In early May, the company unveiled a pan-European fulfillment programme for the distribution requirements of small companies that offer their wares through the Amazon marketplace. This involves the storage and shipping of inventory across Europe.

 

Another question is where the freighters will come from. Atlas does not have 20 767 cargo aircraft at the moment, and the ones on its books are committed to DHL, a large customer and joint venture partner in Polar Air Cargo. DHL top management has declared that it has no concerns over the Atlas-Amazon deal.

 

Atlas management has indicated that it has already acquired some of the 767-300s, and is “well along with procuring the remainder.”

 

According to one report, Amazon is not done with securing aircraft.
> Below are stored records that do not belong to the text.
(* Let $P,Q\in\mathbb P_d$ and let $R=\big[\gamma^{\mathrm{BW}}_{P^{-1}Q^{-1}}(t)\big]^{-1}$ for some $t\in[0,1]$. Then $\operatorname{F}_R(P,Q)=\operatorname{F}^{\mathrm U}(P,Q)$.
   Context: $\mathbb P_d$ is the set of $d\times d$ complex positive definite matrices; $A\#B:=A^{1/2}(A^{-1/2}BA^{-1/2})^{1/2}A^{1/2}$. The Bures–Wasserstein geodesic between $A,B\in\mathbb P_d$ is $\gamma^{\mathrm{BW}}_{AB}(t):=[(1-t)\mathbb I+t\,A^{-1}\#B]\,A\,[(1-t)\mathbb I+t\,A^{-1}\#B]$, $t\in[0,1]$. The generalized fidelity is $\operatorname{F}_R(P,Q):=\operatorname{Tr}\big[\sqrt{R^{1/2}PR^{1/2}}\,R^{-1}\sqrt{R^{1/2}QR^{1/2}}\big]$ and the Uhlmann fidelity is $\operatorname{F}^{\mathrm U}(P,Q):=\operatorname{Tr}\sqrt{P^{1/2}QP^{1/2}}$. *)

theory Defs
  imports "HOL-Analysis.Analysis"
begin

definition adjoint_mat :: "complex^'d^'d \<Rightarrow> complex^'d^'d" where
  "adjoint_mat A = (\<chi> i j. cnj (A $ j $ i))"

definition hermitian_mat :: "complex^'d^'d \<Rightarrow> bool" where
  "hermitian_mat A \<longleftrightarrow> adjoint_mat A = A"

definition qform :: "complex^'d^'d \<Rightarrow> complex^'d \<Rightarrow> complex" where
  "qform A x = (\<Sum>i\<in>UNIV. cnj (x $ i) * (A *v x) $ i)"

definition pos_def_mat :: "complex^'d^'d \<Rightarrow> bool" where
  "pos_def_mat A \<longleftrightarrow> hermitian_mat A \<and> (\<forall>x. x \<noteq> 0 \<longrightarrow> Re (qform A x) > 0)"

definition pos_semidef_mat :: "complex^'d^'d \<Rightarrow> bool" where
  "pos_semidef_mat A \<longleftrightarrow> hermitian_mat A \<and> (\<forall>x. Re (qform A x) \<ge> 0)"

definition mat_sqrt :: "complex^'d^'d \<Rightarrow> complex^'d^'d" where
  "mat_sqrt A = (THE B. pos_semidef_mat B \<and> B ** B = A)"

definition geo_mean :: "complex^'d^'d \<Rightarrow> complex^'d^'d \<Rightarrow> complex^'d^'d" where
  "geo_mean A B = (let Ah = mat_sqrt A; Aih = matrix_inv (mat_sqrt A)
                   in Ah ** mat_sqrt (Aih ** B ** Aih) ** Ah)"

definition bw_geodesic :: "complex^'d^'d \<Rightarrow> complex^'d^'d \<Rightarrow> real \<Rightarrow> complex^'d^'d" where
  "bw_geodesic A B t =
     (let M = (1 - t) *\<^sub>R mat 1 + t *\<^sub>R geo_mean (matrix_inv A) B in M ** A ** M)"

definition gen_fidelity :: "complex^'d^'d \<Rightarrow> complex^'d^'d \<Rightarrow> complex^'d^'d \<Rightarrow> complex" where
  "gen_fidelity R P Q =
     trace (mat_sqrt (mat_sqrt R ** P ** mat_sqrt R) ** matrix_inv R
            ** mat_sqrt (mat_sqrt R ** Q ** mat_sqrt R))"

definition uhlmann_fidelity :: "complex^'d^'d \<Rightarrow> complex^'d^'d \<Rightarrow> complex" where
  "uhlmann_fidelity P Q = trace (mat_sqrt (mat_sqrt P ** Q ** mat_sqrt P))"

end

theory Submission
  imports Defs
begin

text \<open>
  Put T = P # Q\<inverse>. The Riccati equation T P\<inverse> T = Q\<inverse> of the geometric mean gives
  Q = T\<inverse> P T\<inverse>, and the geodesic at t is M P\<inverse> M with M = (1 - t) I + t T, so that
  R = M\<inverse> P M\<inverse>. Hence P = M R M and Q = N R N with the positive matrix
  N = T\<inverse> M = (1 - t) T\<inverse> + t I. Whenever P = M R M with M positive, the outer square root
  in F_R is explicit, (R^(1/2) P R^(1/2))^(1/2) = R^(1/2) M R^(1/2); therefore
  F_R(P,Q) = tr (R M N) = tr (P T\<inverse>), and the same computation for Q = T\<inverse> P T\<inverse> gives
  F^U(P,Q) = tr (P T\<inverse>).
  Positive square roots exist and are unique by the spectral theorem for Hermitian matrices,
  obtained by maximising the Rayleigh quotient on invariant subspaces.
\<close>

section \<open>Complex inner product and quadratic forms\<close>

definition cinner :: "complex^'n \<Rightarrow> complex^'n \<Rightarrow> complex" where
  "cinner x y = (\<Sum>i\<in>UNIV. cnj (x $ i) * y $ i)"

lemma cinner_add_right: "cinner x (y + z) = cinner x y + cinner x z"
  by (simp add: cinner_def distrib_left sum.distrib)

lemma cinner_add_left: "cinner (x + y) z = cinner x z + cinner y z"
  by (simp add: cinner_def distrib_right sum.distrib)

lemma cinner_diff_right: "cinner x (y - z) = cinner x y - cinner x z"
  by (simp add: cinner_def right_diff_distrib sum_subtractf)

lemma cinner_diff_left: "cinner (x - y) z = cinner x z - cinner y z"
  by (simp add: cinner_def left_diff_distrib sum_subtractf)

lemma cinner_scale_right: "cinner x (c *s y) = c * cinner x y"
  by (simp add: cinner_def sum_distrib_left algebra_simps)

lemma cinner_scale_left: "cinner (c *s x) y = cnj c * cinner x y"
  by (simp add: cinner_def sum_distrib_left algebra_simps)

lemma scaleR_vec_eq_smult: "c *\<^sub>R x = complex_of_real c *s (x :: complex^'n)"
  by (simp add: vec_eq_iff of_real_def)

lemma cinner_zero_right [simp]: "cinner x 0 = 0"
  by (simp add: cinner_def)

lemma cinner_zero_left [simp]: "cinner 0 x = 0"
  by (simp add: cinner_def)

lemma cinner_sum_right: "cinner x (\<Sum>e\<in>E. f e) = (\<Sum>e\<in>E. cinner x (f e))"
  by (induct E rule: infinite_finite_induct) (auto simp: cinner_add_right)

lemma cinner_sum_left: "cinner (\<Sum>e\<in>E. f e) x = (\<Sum>e\<in>E. cinner (f e) x)"
  by (induct E rule: infinite_finite_induct) (auto simp: cinner_add_left)

lemma cnj_cinner: "cnj (cinner x y) = cinner y x"
  by (simp add: cinner_def mult.commute)

lemma cinner_self: "cinner x x = of_real ((norm x)\<^sup>2)"
proof -
  have "cinner x x = (\<Sum>i\<in>UNIV. of_real ((norm (x $ i))\<^sup>2))"
    unfolding cinner_def
    by (intro sum.cong refl) (simp add: complex_norm_square mult.commute del: of_real_power)
  also have "\<dots> = of_real ((norm x)\<^sup>2)"
    by (simp add: norm_vec_def L2_set_def sum_nonneg)
  finally show ?thesis .
qed

lemma cinner_self_eq_0 [simp]: "cinner x x = 0 \<longleftrightarrow> x = 0"
  by (simp add: cinner_self)

lemma matrix_vector_mult_scale:
  fixes A :: "complex^'n^'m"
  shows "A *v (c *s z) = c *s (A *v z)"
  by (simp add: vec_eq_iff matrix_vector_mult_def sum_distrib_left ac_simps)

lemma matrix_vector_mult_sum:
  fixes A :: "complex^'n^'m"
  shows "A *v (\<Sum>u\<in>S. f u) = (\<Sum>u\<in>S. A *v f u)"
  by (induct S rule: infinite_finite_induct) (auto simp: matrix_vector_right_distrib)

lemma cinner_adjoint: "cinner x (A *v y) = cinner (adjoint_mat A *v x) y"
proof -
  have "cinner x (A *v y) = (\<Sum>i\<in>UNIV. \<Sum>j\<in>UNIV. cnj (x $ i) * A $ i $ j * y $ j)"
    unfolding cinner_def matrix_vector_mult_def by (simp add: sum_distrib_left mult.assoc)
  also have "\<dots> = (\<Sum>j\<in>UNIV. \<Sum>i\<in>UNIV. cnj (x $ i) * A $ i $ j * y $ j)"
    by (rule sum.swap)
  also have "\<dots> = cinner (adjoint_mat A *v x) y"
    unfolding cinner_def matrix_vector_mult_def adjoint_mat_def
    by (simp add: sum_distrib_left cnj_sum mult.commute mult.left_commute)
  finally show ?thesis .
qed

lemma matrix_eq_cinner: "(\<And>x y. cinner x (A *v y) = cinner x (B *v y)) \<Longrightarrow> A = B"
proof -
  assume eq: "\<And>x y. cinner x (A *v y) = cinner x (B *v y)"
  have "A *v y = B *v y" for y
  proof -
    have "cinner (A *v y - B *v y) (A *v y - B *v y) = 0"
      using eq by (simp add: cinner_diff_right cinner_diff_left)
    then show ?thesis by simp
  qed
  then show ?thesis by (simp add: matrix_eq)
qed

lemma hermitian_cinner: "hermitian_mat A \<Longrightarrow> cinner x (A *v y) = cinner (A *v x) y"
  by (simp add: cinner_adjoint hermitian_mat_def)

lemma hermitian_iff_cinner:
  "hermitian_mat A \<longleftrightarrow> (\<forall>x y. cinner x (A *v y) = cinner (A *v x) y)"
proof
  assume "\<forall>x y. cinner x (A *v y) = cinner (A *v x) y"
  then have "cinner x (adjoint_mat A *v y) = cinner x (A *v y)" for x y
    by (metis cinner_adjoint cnj_cinner)
  then show "hermitian_mat A"
    unfolding hermitian_mat_def by (rule matrix_eq_cinner)
qed (simp add: hermitian_cinner)

lemma qform_eq_cinner: "qform A x = cinner x (A *v x)"
  by (simp add: qform_def cinner_def)

lemma hermitian_qform_real: "hermitian_mat A \<Longrightarrow> qform A x = of_real (Re (qform A x))"
proof -
  assume "hermitian_mat A"
  then have "cnj (qform A x) = qform A x"
    by (simp add: qform_eq_cinner cnj_cinner hermitian_cinner)
  then show ?thesis by (simp add: complex_eq_iff)
qed

lemma qform_scale: "qform A (c *s z) = cnj c * c * qform A z"
  by (simp add: qform_eq_cinner matrix_vector_mult_scale cinner_scale_left cinner_scale_right)

lemma qform_add: "qform (A + B) x = qform A x + qform B x"
  by (simp add: qform_eq_cinner matrix_vector_mult_add_rdistrib cinner_add_right)

lemma qform_scaleR: "qform (r *\<^sub>R A) x = of_real r * qform A x"
proof -
  have "(r *\<^sub>R A) *v x = r *\<^sub>R (A *v x)"
    by (simp add: vec_eq_iff matrix_vector_mult_def scaleR_sum_right)
  then show ?thesis by (simp add: qform_eq_cinner scaleR_vec_eq_smult cinner_scale_right)
qed

lemma adjoint_mat_mult: "adjoint_mat (A ** B) = adjoint_mat B ** adjoint_mat A"
  by (simp add: adjoint_mat_def matrix_matrix_mult_def vec_eq_iff cnj_sum mult.commute)

lemma adjoint_mat_1 [simp]: "adjoint_mat (mat 1) = mat 1"
  by (simp add: adjoint_mat_def vec_eq_iff mat_def)

lemma adjoint_mat_add: "adjoint_mat (A + B) = adjoint_mat A + adjoint_mat B"
  by (simp add: adjoint_mat_def vec_eq_iff)

lemma adjoint_mat_scaleR: "adjoint_mat (r *\<^sub>R A) = r *\<^sub>R adjoint_mat A"
  by (simp add: adjoint_mat_def vec_eq_iff)

section \<open>Spectral theorem for Hermitian matrices\<close>

lemma quadratic_nonpos_imp_linear_coeff_0:
  fixes a c :: real
  assumes a: "a \<ge> 0" and nonpos: "\<And>s. 2 * s * a + s\<^sup>2 * c \<le> 0"
  shows "a = 0"
proof (rule ccontr)
  assume "a \<noteq> 0"
  with a have apos: "a > 0" by simp
  define s where "s = a / (\<bar>c\<bar> + 1)"
  have spos: "s > 0" using apos by (simp add: s_def)
  have "s * \<bar>c\<bar> < a" using apos by (simp add: s_def field_simps)
  then have "s\<^sup>2 * \<bar>c\<bar> < s * a"
    using spos by (simp add: power2_eq_square mult.assoc)
  moreover have "- (s\<^sup>2 * \<bar>c\<bar>) \<le> s\<^sup>2 * c"
    using mult_left_mono[of "- \<bar>c\<bar>" c "s\<^sup>2"] by simp
  moreover have "s * a > 0" using spos apos by simp
  ultimately show False using nonpos[of s] by linarith
qed

lemma hermitian_rayleigh_max_eigenvector:
  fixes A :: "complex^'n^'n"
  assumes herm: "hermitian_mat A" and W: "subspace W"
    and invariant: "\<And>z. z \<in> W \<Longrightarrow> A *v z \<in> W"
    and x: "x \<in> W" "norm x = 1"
    and max: "\<And>z. z \<in> W \<Longrightarrow> Re (qform A z) \<le> Re (qform A x) * (norm z)\<^sup>2"
  shows "A *v x = Re (qform A x) *\<^sub>R x"
proof -
  define lam where "lam = Re (qform A x)"
  define v where "v = A *v x - lam *\<^sub>R x"
  have vW: "v \<in> W"
    unfolding v_def using W x invariant by (simp add: subspace_diff subspace_scale)
  have xx: "cinner x x = 1" using x by (simp add: cinner_self)
  have xAx: "cinner x (A *v x) = of_real lam"
    using hermitian_qform_real[OF herm] by (simp add: lam_def qform_eq_cinner)
  have Ax: "A *v x = v + lam *\<^sub>R x" by (simp add: v_def)
  have xv: "cinner x v = 0"
    by (simp add: v_def cinner_diff_right scaleR_vec_eq_smult cinner_scale_right xx xAx)
  then have vx: "cinner v x = 0" by (metis cnj_cinner complex_cnj_zero)
  have xAv: "cinner x (A *v v) = cinner v v"
    using hermitian_cinner[OF herm, of x v]
    by (simp add: Ax cinner_add_left scaleR_vec_eq_smult cinner_scale_left xv)
  have vAx: "cinner v (A *v x) = cinner v v"
    by (simp add: Ax cinner_add_right scaleR_vec_eq_smult cinner_scale_right vx)
  \<comment> \<open>maximality at \<open>x\<close> in the direction \<open>v \<bottom> x\<close>; the first-order term forces \<open>v = 0\<close>\<close>
  have "2 * s * (norm v)\<^sup>2 + s\<^sup>2 * (Re (qform A v) - lam * (norm v)\<^sup>2) \<le> 0" for s
  proof -
    define z where "z = x + s *\<^sub>R v"
    have "qform A z = of_real lam + 2 * of_real s * cinner v v + of_real s * of_real s * qform A v"
      unfolding z_def qform_eq_cinner
      by (simp add: scaleR_vec_eq_smult matrix_vector_right_distrib matrix_vector_mult_scale
          cinner_add_left cinner_add_right cinner_scale_left cinner_scale_right xAv vAx xAx
          algebra_simps)
    then have "Re (qform A z) = lam + 2 * s * (norm v)\<^sup>2 + s\<^sup>2 * Re (qform A v)"
      by (simp add: cinner_self power2_eq_square)
    moreover have "cinner z z = 1 + of_real s * of_real s * cinner v v"
      unfolding z_def
      by (simp add: scaleR_vec_eq_smult cinner_add_left cinner_add_right cinner_scale_left
          cinner_scale_right xx xv vx)
    then have "Re (cinner z z) = 1 + s\<^sup>2 * (norm v)\<^sup>2"
      by (simp add: cinner_self power2_eq_square)
    then have "(norm z)\<^sup>2 = 1 + s\<^sup>2 * (norm v)\<^sup>2"
      by (simp add: cinner_self)
    moreover have "z \<in> W" unfolding z_def using W x vW by (simp add: subspace_add subspace_scale)
    ultimately show ?thesis using max[of z] by (simp add: lam_def algebra_simps)
  qed
  then have "(norm v)\<^sup>2 = 0" by (intro quadratic_nonpos_imp_linear_coeff_0) simp_all
  then show ?thesis by (simp add: Ax lam_def)
qed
The internet giant is allegedly looking to have as many as 60 freighters at its disposal.

 

767 freighters are in short supply, as freighter leasing firms and operators have been clamouring for the type. The surge in parcel traffic has prompted a run on 767s as well as smaller types, down to 737s. Conversion firms are fully booked to turn retired passenger models into all-cargo configuration.

 

“Try to get your hands on a 767 freighter. There’s not one available today,” said Stan Wraight, executive director of Strategic Aviation Solutions International.

 

Another large question is the ultimate strategic goal of Amazon’s freighter leases. This has been fuelled further by the fact that, as with ATSG, the Atlas agreement includes warrants for Amazon to take an equity position in the carrier and possibly, in the long run, have a voting seat on the board of AAWW.

 

As with ATSG, Amazon has described the latest move in terms of its own distribution needs.

 

“We are excited to welcome a great provider, Atlas Air, to support package delivery to the rapidly-growing number of Prime members who love ultra-fast delivery, great prices and vast selection from Amazon,” said Dave Clark, senior vice president of worldwide operations.

 

The company has highlighted bottlenecks in commercial lift capacity at peak times as a reason for securing dedicated capacity. In addition, it is seeking to reduce its logistics costs. Last year, it spent US$13.4 billion on this, and the first quarter of this year shows a 33.6% rise in total fulfillment costs. In an earnings call on April 28, Amazon CFO Brian Olsavsky said that Prime subscriptions went up 51% last year.

 

Amazon has denied any aspirations to market its capacity to third parties and compete with the likes of DHL and FedEx. For his part, FedEx boss Fred Smith felt compelled during the integrator’s most recent financial results presentation to dismiss a likely threat from that end, arguing that the costs would be prohibitive for Amazon.

 

Still, doubts linger. Earlier this year some analysts expressed concern over Amazon’s spend on logistics capabilities. The profit that the online retailer tabled for the first quarter probably allayed some fears, but the prospect of a fleet of 40, if not 60, widebody freighters is not filling analysts and investors with happy anticipation.